**Directions:**
Examine the records below. Report how many of their lines contain the word "longrightarrow", with no other content.

(Records from a data collection)
---*---
(* For every integer $k \ge 1$ and every $\epsilon \in (0,1)$, the non-oblivious local search algorithm described in the context, run on any $k$-exchange system $\mathcal{I}$ over a ground set of size $n$ and any nonnegative monotone submodular $f$, terminates after $O(\epsilon^{-2}k^2 n^{k^2+4})$ time (counting oracle calls and arithmetic operations, for fixed $k$ in the $\epsilon$-dependence) and returns $S \in \mathcal{I}$ with $f(O) \le \bigl(\frac{k+3}{2} + \epsilon\bigr) f(S)$ for every $O \in \mathcal{I}$.
   Context: A $k$-exchange system is a nonempty downward-closed family $\mathcal{I} \subseteq 2^{\mathcal{G}}$ such that for all $A, B \in \mathcal{I}$ there is a collection $\{Y_e \subseteq B \setminus A : e \in A \setminus B\}$ with (K1) $|Y_e| \le k$; (K2) every $x \in B \setminus A$ lies in at most $k$ of the $Y_e$; (K3) for every $C \subseteq A \setminus B$, $(B \setminus \bigcup_{e \in C} Y_e) \cup C \in \mathcal{I}$. $f : 2^{\mathcal{G}} \to \mathbb{R}_{\ge 0}$ is monotone submodular, accessed via a value oracle; $\mathcal{I}$ via a membership oracle; all singletons are assumed independent. Algorithm. Let $S_{\mathrm{init}} = \{e^*\}$ with $e^* \in \arg\max_e f(\{e\})$, $\delta = (1 + \frac{k+3}{2\epsilon})^{-1}$, $\alpha = f(S_{\mathrm{init}})\delta/n$, $S \leftarrow S_{\mathrm{init}}$, $\prec$ an arbitrary total order on $\mathcal{G}$. Repeat: compute weights $w$ on $S$: with $S = \{s_1 \prec \dots \prec s_m\}$, $S_i = \{s_1,\dots,s_i\}$, $w(s_i) = \lfloor (f(S_{i-1}\cup\{s_i\}) - f(S_{i-1}))/\alpha\rfloor\alpha$. Scan all $k$-replacements $(A,B)$ (pairs with $B \subseteq S$, $A \subseteq \mathcal{G}\setminus(S\setminus B)$, $|A|\le k$, $|B| \le k^2-k+1$, $(S\setminus B)\cup A \in \mathcal{I}$); for each, with $A = \{a_1 \prec\dots\prec a_r\}$, $A_i=\{a_1,\dots,a_i\}$, compute $w_{(A,B)}(a_i) = \lfloor (f((S\setminus B)\cup A_{i-1}\cup\{a_i\}) - f((S\setminus B)\cup A_{i-1}))/\alpha\rfloor\alpha$. If $\sum_{a\in A} w_{(A,B)}(a)^2 > \sum_{b \in B} w(b)^2$, replace $\prec$ by an order in which all elements of $S\setminus B$ precede those of $A$ and which otherwise keeps the relative order of $\prec$ on $(S \setminus B)\cup A$, set $S \leftarrow (S\setminus B)\cup A$, and start a new iteration. If no such $(A,B)$ exists, return $S$. *)

theory Defs
  imports Complex_Main
begin

definition k_exchange_system :: "'a set \<Rightarrow> 'a set set \<Rightarrow> nat \<Rightarrow> bool" where
  "k_exchange_system G I k \<longleftrightarrow>
     I \<noteq> {} \<and> I \<subseteq> Pow G \<and>
     (\<forall>A\<in>I. \<forall>B. B \<subseteq> A \<longrightarrow> B \<in> I) \<and>
     (\<forall>A\<in>I. \<forall>B\<in>I. \<exists>Y :: 'a \<Rightarrow> 'a set.
        (\<forall>e\<in>A - B. Y e \<subseteq> B - A \<and> card (Y e) \<le> k) \<and>
        (\<forall>x\<in>B - A. card {e \<in> A - B. x \<in> Y e} \<le> k) \<and>
        (\<forall>C. C \<subseteq> A - B \<longrightarrow> (B - (\<Union>e\<in>C. Y e)) \<union> C \<in> I))"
---*---
**Solution to this exercise:**
2